*** ENTRIES SHOWN ***

(* Let $v\in\mathbb N_0^N$, $\mathbb T\in\mathrm{Tab}_\lambda$ and $1\le j\le N$. Then there are elements $H_u$ ($u\in\mathbb N_0^N$, $u\trianglelefteq v$) of the Hecke algebra such that $$x^v\,\mathbb T\,\Xi_j=x^v\otimes(\mathbb TH_v)+\sum_{v'\lhd v}x^{v'}\otimes(\mathbb TH_{v'}).$$
   Context: $N\ge2$, $q,s$ indeterminates, $K=\mathbb C(q,s)$. Operators act on the right, composed left to right. $\mathcal H_N(s)$ is generated by $T_1,\dots,T_{N-1}$ with $(T_i+1)(T_i-s)=0$ and braid relations. $\lambda$ is a partition of $N$ (French convention, rows numbered bottom to top); $\mathrm{Tab}_\lambda$ = reverse standard tableaux (bijective fillings by $1,\dots,N$ strictly decreasing left to right in rows and bottom to top in columns); $\mathrm{CT}_{\mathbb T}[i]$ = column minus row of the cell of $i$; $\mathbb T^{(i,j)}$ exchanges $i,j$. $V_\lambda$ has basis $\mathrm{Tab}_\lambda$ with right action $\mathbb TT_i=s\mathbb T$ if $i,i+1$ share a row, $-\mathbb T$ if they share a column, and if $i$ is in a higher row than $i+1$, with $m=\mathrm{CT}_{\mathbb T}[i+1]-\mathrm{CT}_{\mathbb T}[i]>0$, $\mathbb TT_i=\frac{s-1}{1-s^m}\mathbb T+\frac{s(1-s^{m+1})(1-s^{m-1})}{(1-s^m)^2}\mathbb T^{(i,i+1)}$; the remaining case is determined by this formula for $\mathbb T^{(i,i+1)}$ and the quadratic relation. $\mathcal M_\lambda=K[x_1,\dots,x_N]\otimes V_\lambda$, $x^v=x_1^{v_1}\cdots x_N^{v_N}$. With $p^{s_i}$ = $p$ with $x_i,x_{i+1}$ exchanged: $(p\otimes u)\mathbf T_i=(1-s)\frac{x_{i+1}(p-p^{s_i})}{x_i-x_{i+1}}\otimes u+p^{s_i}\otimes uT_i$, $(p\otimes u)\mathbf w=p(qx_N,x_1,\dots,x_{N-1})\otimes uT_1\cdots T_{N-1}$, $\mathbf T_i^{-1}=s^{-1}(\mathbf T_i+1-s)$, $\Xi_j=s^{j-N}\mathbf T_{j-1}^{-1}\cdots\mathbf T_1^{-1}\mathbf w\mathbf T_{N-1}\cdots\mathbf T_j$. Orders: $v^+$ is the decreasing rearrangement of $v$; $v\preceq v'$ iff $\sum_{k\le i}v_k\le\sum_{k\le i}v'_k$ for all $i$; $v\trianglelefteq v'$ iff either $v^+\ne v'^+$ and $v^+\preceq v'^+$, or $v^+=v'^+$ and $v\preceq v'$; $v'\lhd v$ means $v'\trianglelefteq v$ and $v'\neq v$. *)

theory Defs
  imports "HOL-Library.Poly_Mapping" "HOL-Computational_Algebra.Polynomial"
          "HOL-Computational_Algebra.Fraction_Field"
begin

section \<open>The base field K = C(q,s)\<close>

type_synonym K = "complex poly poly fract"

definition s_par :: K where
  "s_par = Fract [:[:0, 1:]:] 1"     \<comment> \<open>inner indeterminate s\<close>

definition q_par :: K where
  "q_par = Fract [:0, 1:] 1"         \<comment> \<open>outer indeterminate q\<close>

text \<open>Monomials: finitely supported exponent maps; variable x_k (k = 1..N) has key k-1.\<close>
type_synonym mpoly = "(nat \<Rightarrow>\<^sub>0 nat) \<Rightarrow>\<^sub>0 K"

definition const :: "K \<Rightarrow> mpoly" where
  "const c = Poly_Mapping.single 0 c"

definition Xv :: "nat \<Rightarrow> mpoly" where
  "Xv k = Poly_Mapping.single (Poly_Mapping.single (k - 1) 1) 1"

definition mono :: "nat list \<Rightarrow> (nat \<Rightarrow>\<^sub>0 nat)" where
  "mono v = Poly_Mapping.nth v"

definition psubst :: "(nat \<Rightarrow> mpoly) \<Rightarrow> mpoly \<Rightarrow> mpoly" where
  "psubst \<sigma> p = (\<Sum>m\<in>Poly_Mapping.keys p. const (Poly_Mapping.lookup p m) *
                      (\<Prod>k\<in>Poly_Mapping.keys m. \<sigma> (k + 1) ^ Poly_Mapping.lookup m k))"

definition swapvars :: "nat \<Rightarrow> mpoly \<Rightarrow> mpoly" where
  "swapvars i p = psubst (\<lambda>k. if k = i then Xv (i + 1) else if k = i + 1 then Xv i else Xv k) p"

definition wsubst :: "nat \<Rightarrow> mpoly \<Rightarrow> mpoly" where
  "wsubst N p = psubst (\<lambda>k. if k = 1 then const q_par * Xv N else Xv (k - 1)) p"

text \<open>x_{i+1}(p - p^{s_i})/(x_i - x_{i+1}) (an exact polynomial division).\<close>
definition ddiff :: "nat \<Rightarrow> mpoly \<Rightarrow> mpoly" where
  "ddiff i p = (THE r. r * (Xv i - Xv (i + 1)) = Xv (i + 1) * (p - swapvars i p))"

section \<open>Partitions and reverse standard tableaux (French convention)\<close>

text \<open>A partition of N: weakly decreasing list of positive parts summing to N;
  lam ! r is the length of row r (rows numbered bottom to top from 0).\<close>
definition is_partition :: "nat list \<Rightarrow> nat \<Rightarrow> bool" where
  "is_partition lam N \<longleftrightarrow> sorted (rev lam) \<and> (\<forall>x\<in>set lam. 0 < x) \<and> sum_list lam = N"

definition cells :: "nat list \<Rightarrow> (nat \<times> nat) set" where
  "cells lam = {(r, c). r < length lam \<and> c < lam ! r}"

text \<open>A tableau is the list whose (i-1)-th entry is the cell (row, column) containing i.\<close>
type_synonym tab = "(nat \<times> nat) list"

definition Tab :: "nat list \<Rightarrow> nat \<Rightarrow> tab set" where
  "Tab lam N = {L. length L = N \<and> distinct L \<and> set L = cells lam \<and>
     (\<forall>a<N. \<forall>b<N. \<forall>r c. L ! a = (r, c) \<and> L ! b = (r, Suc c) \<longrightarrow> b < a) \<and>
     (\<forall>a<N. \<forall>b<N. \<forall>r c. L ! a = (r, c) \<and> L ! b = (Suc r, c) \<longrightarrow> b < a)}"

definition cell_of :: "tab \<Rightarrow> nat \<Rightarrow> nat \<times> nat" where
  "cell_of L i = L ! (i - 1)"

definition CT :: "tab \<Rightarrow> nat \<Rightarrow> int" where
  "CT L i = int (snd (cell_of L i)) - int (fst (cell_of L i))"

definition tswap :: "tab \<Rightarrow> nat \<Rightarrow> tab" where
  "tswap L i = L[i - 1 := L ! i, i := L ! (i - 1)]"

type_synonym vec = "tab \<Rightarrow> K"

definition basis :: "tab \<Rightarrow> vec" where
  "basis T = (\<lambda>U. if U = T then 1 else 0)"

text \<open>Coefficient of U in T T_i.  The last case (i in a lower row than i+1) is the one
  forced by the formula for T^{(i,i+1)} T_i together with (T_i+1)(T_i-s)=0.\<close>
definition coefT :: "nat \<Rightarrow> tab \<Rightarrow> tab \<Rightarrow> K" where
  "coefT i T U =
    (let a = cell_of T i; b = cell_of T (i + 1) in
     if fst a = fst b then (if U = T then s_par else 0)
     else if snd a = snd b then (if U = T then -1 else 0)
     else if fst b < fst a then
       (let m = nat (CT T (i + 1) - CT T i) in
          (if U = T then (s_par - 1) / (1 - s_par ^ m) else 0)
        + (if U = tswap T i then
             s_par * (1 - s_par ^ (m + 1)) * (1 - s_par ^ (m - 1)) / (1 - s_par ^ m)^2
           else 0))
     else
       (let m = nat (CT T i - CT T (i + 1)) in
          (if U = T then s_par - 1 - (s_par - 1) / (1 - s_par ^ m) else 0)
        + (if U = tswap T i then 1 else 0)))"

definition vecT :: "nat list \<Rightarrow> nat \<Rightarrow> nat \<Rightarrow> vec \<Rightarrow> vec" where
  "vecT lam N i u = (\<lambda>U. \<Sum>T\<in>Tab lam N. u T * coefT i T U)"

text \<open>Action of a word T_{w_1} T_{w_2} ... T_{w_k} (applied left to right).\<close>
definition vec_word :: "nat list \<Rightarrow> nat \<Rightarrow> nat list \<Rightarrow> vec \<Rightarrow> vec" where
  "vec_word lam N w u = fold (vecT lam N) w u"

text \<open>Elements of the Hecke algebra H_N(s), represented (via the surjection from the free
  algebra on T_1..T_{N-1}) as finite K-linear combinations of words in the generators.\<close>
type_synonym hecke = "nat list \<Rightarrow>\<^sub>0 K"

definition is_hecke :: "nat \<Rightarrow> hecke \<Rightarrow> bool" where
  "is_hecke N h \<longleftrightarrow> (\<forall>w\<in>Poly_Mapping.keys h. set w \<subseteq> {1..<N})"

definition hact :: "nat list \<Rightarrow> nat \<Rightarrow> vec \<Rightarrow> hecke \<Rightarrow> vec" where
  "hact lam N u h = (\<lambda>U. \<Sum>w\<in>Poly_Mapping.keys h. Poly_Mapping.lookup h w * vec_word lam N w u U)"

text \<open>An element is written \<Sum>_T p_T \<otimes> T, stored as T \<mapsto> p_T.\<close>
type_synonym modl = "tab \<Rightarrow> mpoly"

definition tensor :: "nat list \<Rightarrow> vec \<Rightarrow> modl" where
  "tensor v u = (\<lambda>U. Poly_Mapping.single (mono v) (u U))"

definition mlin :: "nat list \<Rightarrow> nat \<Rightarrow> (mpoly \<Rightarrow> mpoly) \<Rightarrow> (vec \<Rightarrow> vec) \<Rightarrow> modl \<Rightarrow> modl" where
  "mlin lam N \<phi> g f = (\<lambda>U. \<Sum>T\<in>Tab lam N. \<phi> (f T) * const (g (basis T) U))"

definition opT :: "nat list \<Rightarrow> nat \<Rightarrow> nat \<Rightarrow> modl \<Rightarrow> modl" where
  "opT lam N i f = (\<lambda>U. const (1 - s_par) * ddiff i (f U)
                        + mlin lam N (swapvars i) (vecT lam N i) f U)"

definition opTinv :: "nat list \<Rightarrow> nat \<Rightarrow> nat \<Rightarrow> modl \<Rightarrow> modl" where
  "opTinv lam N i f = (\<lambda>U. const (inverse s_par) * (opT lam N i f U + const (1 - s_par) * f U))"

definition opW :: "nat list \<Rightarrow> nat \<Rightarrow> modl \<Rightarrow> modl" where
  "opW lam N f = mlin lam N (wsubst N) (vec_word lam N [1..<N]) f"

text \<open>\<Xi>_j = s^{j-N} T_{j-1}^{-1} ... T_1^{-1} w T_{N-1} ... T_j, operators applied left to right.\<close>
definition Xi :: "nat list \<Rightarrow> nat \<Rightarrow> nat \<Rightarrow> modl \<Rightarrow> modl" where
  "Xi lam N j f =
     (let f1 = fold (opTinv lam N) (rev [1..<j]) f;
          f2 = opW lam N f1;
          f3 = fold (opT lam N) (rev [j..<N]) f2
      in (\<lambda>U. const (inverse (s_par ^ (N - j))) * f3 U))"

definition dom_le :: "nat list \<Rightarrow> nat list \<Rightarrow> bool" where
  "dom_le v v' \<longleftrightarrow> (\<forall>i\<le>length v. sum_list (take i v) \<le> sum_list (take i v'))"

definition dec_rearr :: "nat list \<Rightarrow> nat list" where
  "dec_rearr v = rev (sort v)"

definition tri_le :: "nat list \<Rightarrow> nat list \<Rightarrow> bool" where
  "tri_le v v' \<longleftrightarrow>
     (dec_rearr v \<noteq> dec_rearr v' \<and> dom_le (dec_rearr v) (dec_rearr v'))
     \<or> (dec_rearr v = dec_rearr v' \<and> dom_le v v')"

definition tri_lt :: "nat list \<Rightarrow> nat list \<Rightarrow> bool" where
  "tri_lt v' v \<longleftrightarrow> tri_le v' v \<and> v' \<noteq> v"

end

theory Submission
  imports Defs "HOL-Combinatorics.Permutations"
begin

text \<open>
  On \<open>x^u \<otimes> a\<close>, \<open>w\<close> gives
  \<open>x^(rotate1 u) \<otimes> q^u\<^sub>1 a T\<^sub>1\<cdots>T\<^sub>N\<^sub>-\<^sub>1\<close>, and \<open>T\<^sub>i\<close> gives \<open>x^(s\<^sub>i u) \<otimes> a T\<^sub>i\<close> plus the
  divided-difference part, a sum of scalar multiples of \<open>x^u' \<otimes> a\<close> where \<open>u'\<close> replaces the
  pair \<open>(u\<^sub>i, u\<^sub>i\<^sub>+\<^sub>1)\<close> by a pair with the same sum lying between them. So \<open>u'\<close> is \<open>u\<close>, or
  \<open>s\<^sub>i u\<close>, or its decreasing rearrangement is strictly below that of \<open>u\<close> in dominance order.
  Hence all coefficients in \<open>V\<^sub>\<lambda>\<close> stay in the cyclic module \<open>T H\<^sub>N(s)\<close>, and only the
  exponents that remain rearrangements of \<open>v\<close> need to be tracked: the factors \<open>T\<^sub>i\<^sup>-\<^sup>1\<close>
  carry the entry \<open>v\<^sub>j\<close> to the front, \<open>w\<close> moves it to the end, and the factors \<open>T\<^sub>i\<close>
  carry it back to position \<open>j\<close>; comparing the entries it passes with those of \<open>v\<close> shows
  that the surviving exponents are dominated by \<open>v\<close>.
\<close>

section \<open>Monomial substitutions and divided differences\<close>

lemma const_add: "const (a + b) = const a + const b"
  by (simp add: const_def single_add)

*** End of ENTRIES SHOWN ***

- [AIM OF THE EXERCISE]:
In the entries above, find each line containing the string "cells" and copy it.

- [COMPLETED EXERCISE]:
definition cells :: "nat list \<Rightarrow> (nat \<times> nat) set" where
  "cells lam = {(r, c). r < length lam \<and> c < lam ! r}"
  "Tab lam N = {L. length L = N \<and> distinct L \<and> set L = cells lam \<and>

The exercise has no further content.